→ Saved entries
== == ==
lemma prob_vertex_overloaded_le:
  assumes H: "uniform_hypergraph r V E" and "linear_hypergraph E" "0 < r" "v \<in> V"
    and "0 < k" "k \<le> \<sigma>" "0 < t" "real k ^ r \<le> 4 * real r * real t"
    and "4 * exp 1 * real r * real (hdegree E v) \<le> q * real \<sigma> ^ (r - 1)"
  shows "measure_pmf.prob (random_list_assignment V k \<sigma>)
           {L. t \<le> card (shared_colour_pairs {f\<in>E. v \<in> f} L)} \<le> q ^ t"
proof -
  let ?d = "real (hdegree E v)"
  have "0 < \<sigma>"
    using assms by simp
  have "measure_pmf.prob (random_list_assignment V k \<sigma>)
           {L. t \<le> card (shared_colour_pairs {f\<in>E. v \<in> f} L)}
        \<le> real ((hdegree E v * k) choose t) * (real k / real \<sigma>) ^ ((r - 1) * t)"
    using prob_many_shared_colours_le[OF H assms(2-4), of "{1..\<sigma>}" k] assms
    by (simp add: random_list_assignment_def k_subsets_def)
  also have "\<dots> \<le> (exp 1 * real (hdegree E v * k) / real t) ^ t * (real k / real \<sigma>) ^ ((r - 1) * t)"
    using \<open>0 < t\<close> by (intro mult_right_mono choose_le_exp_power) auto
  also have "\<dots> = (exp 1 * real (hdegree E v * k) / real t * (real k / real \<sigma>) ^ (r - 1)) ^ t"
    by (simp only: power_mult power_mult_distrib)
  also have "\<dots> = (exp 1 * ?d * real k ^ r / (real t * real \<sigma> ^ (r - 1))) ^ t"
  proof -
    have "real k * real k ^ (r - 1) = real k ^ r"
      using \<open>0 < r\<close> by (simp flip: power_Suc)
    then have "exp 1 * real (hdegree E v * k) / real t * (real k / real \<sigma>) ^ (r - 1)
        = exp 1 * ?d * real k ^ r / (real t * real \<sigma> ^ (r - 1))"
      by (simp add: power_divide field_simps)
    then show ?thesis
      by simp
  qed
  also have "\<dots> \<le> q ^ t"
  proof (rule power_mono)
    have "exp 1 * ?d * real k ^ r \<le> exp 1 * ?d * (4 * real r * real t)"
      using assms by (intro mult_left_mono) auto
    also have "\<dots> \<le> q * real \<sigma> ^ (r - 1) * real t"
      using assms by (simp add: algebra_simps mult_right_mono)
    finally show "exp 1 * ?d * real k ^ r / (real t * real \<sigma> ^ (r - 1)) \<le> q"
      using \<open>0 < t\<close> \<open>0 < \<sigma>\<close> by (simp add: field_simps)
  qed simp
  finally show ?thesis .
qed

lemma prob_some_vertex_overloaded_le:
  assumes H: "uniform_hypergraph r V E" and lin: "linear_hypergraph E" and "0 < r"
    and "0 < k" "k \<le> \<sigma>" "0 < t" "real k ^ r \<le> 4 * real r * real t"
    and degree: "4 * exp 1 * real r * real (max_degree V E) \<le> q * real \<sigma> ^ (r - 1)"
  shows "measure_pmf.prob (random_list_assignment V k \<sigma>)
           (\<Union>v\<in>V. {L. t \<le> card (shared_colour_pairs {f\<in>E. v \<in> f} L)}) \<le> real (card V) * q ^ t"
proof -
  let ?M = "random_list_assignment V k \<sigma>"
  have V: "finite V"
    using H by (simp add: uniform_hypergraph_def)
  have "measure_pmf.prob ?M (\<Union>v\<in>V. {L. t \<le> card (shared_colour_pairs {f\<in>E. v \<in> f} L)})
      \<le> (\<Sum>v\<in>V. measure_pmf.prob ?M {L. t \<le> card (shared_colour_pairs {f\<in>E. v \<in> f} L)})"
    using V by (intro measure_pmf.finite_measure_subadditive_finite) auto
  also have "\<dots> \<le> (\<Sum>v\<in>V. q ^ t)"
  proof (rule sum_mono)
    fix v assume "v \<in> V"
    then have "hdegree E v \<le> max_degree V E"
      using V by (auto simp: max_degree_def)
    then have "4 * exp 1 * real r * real (hdegree E v) \<le> 4 * exp 1 * real r * real (max_degree V E)"
      by (intro mult_left_mono) auto
    with degree have "4 * exp 1 * real r * real (hdegree E v) \<le> q * real \<sigma> ^ (r - 1)"
      by linarith
    then show "measure_pmf.prob ?M {L. t \<le> card (shared_colour_pairs {f\<in>E. v \<in> f} L)} \<le> q ^ t"
      using assms \<open>v \<in> V\<close> by (intro prob_vertex_overloaded_le[OF H lin]) auto
  qed
  finally show ?thesis
    by simp
qed

lemma L_colorable_if_few_shared_colours:
  assumes H: "uniform_hypergraph r V E" and "2 \<le> r"
    and lists: "\<And>v. v \<in> V \<Longrightarrow> finite (L v) \<and> card (L v) = k" and "3 \<le> k"
    and few: "\<And>v. v \<in> V \<Longrightarrow>
      real r * real (card (shared_colour_pairs {f\<in>E. v \<in> f} L)) \<le> real k ^ r / 4"
  shows "L_colorable V E L"
proof (rule L_colorable_by_local_lemma[OF H \<open>2 \<le> r\<close> lists \<open>3 \<le> k\<close>])
  fix e assume e: "e \<in> E"
  have edges: "\<And>f. f \<in> E \<Longrightarrow> f \<subseteq> V \<and> card f = r"
    using H by (auto simp: uniform_hypergraph_def)
  then have "finite e"
    using e \<open>2 \<le> r\<close> card.infinite by fastforce
  have "finite (shared_colour_pairs {f\<in>E. v \<in> f} L)" if "v \<in> e" for v
  proof -
    have "finite (\<Inter>u\<in>f. L u)" if "f \<in> {f\<in>E. v \<in> f}" for f
      using that edges lists by blast
    then show ?thesis
      unfolding shared_colour_pairs_def using finite_edges[OF H] by (intro finite_SigmaI) auto
  qed
  moreover have "shared_colour_pairs {f\<in>E. f \<noteq> e \<and> f \<inter> e \<noteq> {}} L
      \<subseteq> (\<Union>v\<in>e. shared_colour_pairs {f\<in>E. v \<in> f} L)"
    by (auto simp: shared_colour_pairs_def)
  ultimately have "card (shared_colour_pairs {f\<in>E. f \<noteq> e \<and> f \<inter> e \<noteq> {}} L)
      \<le> card (\<Union>v\<in>e. shared_colour_pairs {f\<in>E. v \<in> f} L)"
    using \<open>finite e\<close> by (intro card_mono) auto
  also have "\<dots> \<le> (\<Sum>v\<in>e. card (shared_colour_pairs {f\<in>E. v \<in> f} L))"
    using \<open>finite e\<close> by (rule card_UN_le)
  finally have "real (card (shared_colour_pairs {f\<in>E. f \<noteq> e \<and> f \<inter> e \<noteq> {}} L))
      \<le> (\<Sum>v\<in>e. real (card (shared_colour_pairs {f\<in>E. v \<in> f} L)))"
    by (simp flip: of_nat_sum)
  also have "\<dots> \<le> (\<Sum>v\<in>e. real k ^ r / (4 * real r))"
    using few edges[OF e] \<open>2 \<le> r\<close> by (intro sum_mono) (auto simp: field_simps)
  also have "\<dots> = real k ^ r / 4"
    using edges[OF e] \<open>2 \<le> r\<close> by simp
  finally show "real (card (shared_colour_pairs {f\<in>E. f \<noteq> e \<and> f \<inter> e \<noteq> {}} L)) \<le> real k ^ r / 4" .
qed

lemma L_colorable_unless_overloaded:
  assumes H: "uniform_hypergraph r V E" and "2 \<le> r" "3 \<le> k" "k \<le> \<sigma>"
    and "L \<in> set_pmf (random_list_assignment V k \<sigma>)"
    and t: "real r * real (t - 1) \<le> real k ^ r / 4"
    and not_overloaded: "\<And>v. v \<in> V \<Longrightarrow> card (shared_colour_pairs {f\<in>E. v \<in> f} L) < t"
  shows "L_colorable V E L"
proof (rule L_colorable_if_few_shared_colours[OF H \<open>2 \<le> r\<close> _ \<open>3 \<le> k\<close>])
  have "finite V"
    using H by (simp add: uniform_hypergraph_def)
  then show "finite (L v) \<and> card (L v) = k" if "v \<in> V" for v
    using random_lists_in_k_subsets[of V "{1..\<sigma>}" k v L "{}"] that assms(4,5)
    by (simp add: random_list_assignment_def k_subsets_def)
  show "real r * real (card (shared_colour_pairs {f\<in>E. v \<in> f} L)) \<le> real k ^ r / 4" if "v \<in> V" for v
  proof -
    have "card (shared_colour_pairs {f\<in>E. v \<in> f} L) \<le> t - 1"
      using not_overloaded[OF that] by simp
    then have "real r * real (card (shared_colour_pairs {f\<in>E. v \<in> f} L)) \<le> real r * real (t - 1)"
      by (intro mult_left_mono) auto
    with t show ?thesis
      by linarith
  qed
qed

lemma power_le_inverse_square:
  fixes q n :: real
  assumes "0 < q" "0 < n" "2 * ln n \<le> real t * ln (1 / q)"
  shows "q ^ t \<le> 1 / n ^ 2"
proof -
  have "q ^ t = exp (- (real t * ln (1 / q)))"
    using assms(1) by (simp add: ln_div powr_def flip: powr_realpow)
  also have "\<dots> \<le> exp (- (2 * ln n))"
    using assms(3) by simp
  also have "\<dots> = 1 / exp (ln (n ^ 2))"
    using assms(2) by (simp add: exp_minus ln_realpow inverse_eq_divide)
  also have "\<dots> = 1 / n ^ 2"
    using assms(2) by simp
  finally show ?thesis .
qed

lemma prob_L_colorable_ge:
  assumes H: "uniform_hypergraph r V E" and lin: "linear_hypergraph E" and "2 \<le> r"
    and "card V = n" "0 < n" and "3 \<le> k" "k \<le> \<sigma>" and "0 < q" "q < 1"
    and degree: "4 * exp 1 * real r * real (max_degree V E) \<le> q * real \<sigma> ^ (r - 1)"
    and k_large: "8 * real r * ln (real n) \<le> real k ^ r * ln (1 / q)"
  shows "1 - 1 / real n \<le> measure_pmf.prob (random_list_assignment V k \<sigma>) {L. L_colorable V E L}"
proof -
  let ?M = "random_list_assignment V k \<sigma>"
  define t where "t = k ^ r div (4 * r) + 1"
  let ?overloaded = "\<lambda>v. {L. t \<le> card (shared_colour_pairs {f\<in>E. v \<in> f} L)}"
  have "k ^ r mod (4 * r) < 4 * r"
    using \<open>2 \<le> r\<close> by simp
  then have "k ^ r \<le> 4 * r * t"
    using div_mult_mod_eq[of "k ^ r" "4 * r"] by (simp add: t_def algebra_simps)
  then have "real (k ^ r) \<le> real (4 * r * t)"
    by (simp only: of_nat_le_iff)
  then have t_ge: "real k ^ r \<le> 4 * real r * real t"
    by simp
  have "4 * r * (t - 1) \<le> k ^ r"
    using div_times_less_eq_dividend[of "k ^ r" "4 * r"] by (simp add: t_def mult.commute)
  then have "real (4 * r * (t - 1)) \<le> real (k ^ r)"
    by (simp only: of_nat_le_iff)
  then have t_le: "real r * real (t - 1) \<le> real k ^ r / 4"
    by simp
  have "measure_pmf.prob ?M (\<Union>v\<in>V. ?overloaded v) \<le> real n * q ^ t"
    using prob_some_vertex_overloaded_le[OF H lin _ _ \<open>k \<le> \<sigma>\<close> _ t_ge degree] assms
    by (simp add: t_def)
  also have "\<dots> \<le> real n * (1 / real n ^ 2)"
  proof -
    have "2 * ln (real n) \<le> real k ^ r / (4 * real r) * ln (1 / q)"
      using k_large \<open>2 \<le> r\<close> by (simp add: field_simps)
    also have "\<dots> \<le> real t * ln (1 / q)"
      using t_ge \<open>2 \<le> r\<close> \<open>q < 1\<close> \<open>0 < q\<close> by (intro mult_right_mono) (auto simp: field_simps)
    finally have "q ^ t \<le> 1 / real n ^ 2"
      using \<open>0 < n\<close> \<open>0 < q\<close> by (intro power_le_inverse_square) auto
    then show ?thesis
      by (rule mult_left_mono) simp
  qed
  also have "\<dots> = 1 / real n"
    by (simp add: power2_eq_square)
  finally have "1 - 1 / real n \<le> measure_pmf.prob ?M (space ?M - (\<Union>v\<in>V. ?overloaded v))"
    using measure_pmf.prob_compl[of "\<Union>v\<in>V. ?overloaded v" ?M] by simp
  also have "\<dots> \<le> measure_pmf.prob ?M {L. L_colorable V E L}"
  proof -
    have "L_colorable V E L" if "L \<in> set_pmf ?M" "L \<notin> (\<Union>v\<in>V. ?overloaded v)" for L
      using that assms t_le by (intro L_colorable_unless_overloaded[OF H]) auto
    then show ?thesis
      unfolding measure_Int_set_pmf[of ?M "space ?M - _", symmetric]
      by (intro measure_pmf.finite_measure_mono) auto
  qed
  finally show ?thesis .
qed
== == ==
→ EXERCISE
Tell me how many lines of the records include the word "assumes", and say nothing else.

→ TASK ANSWER
6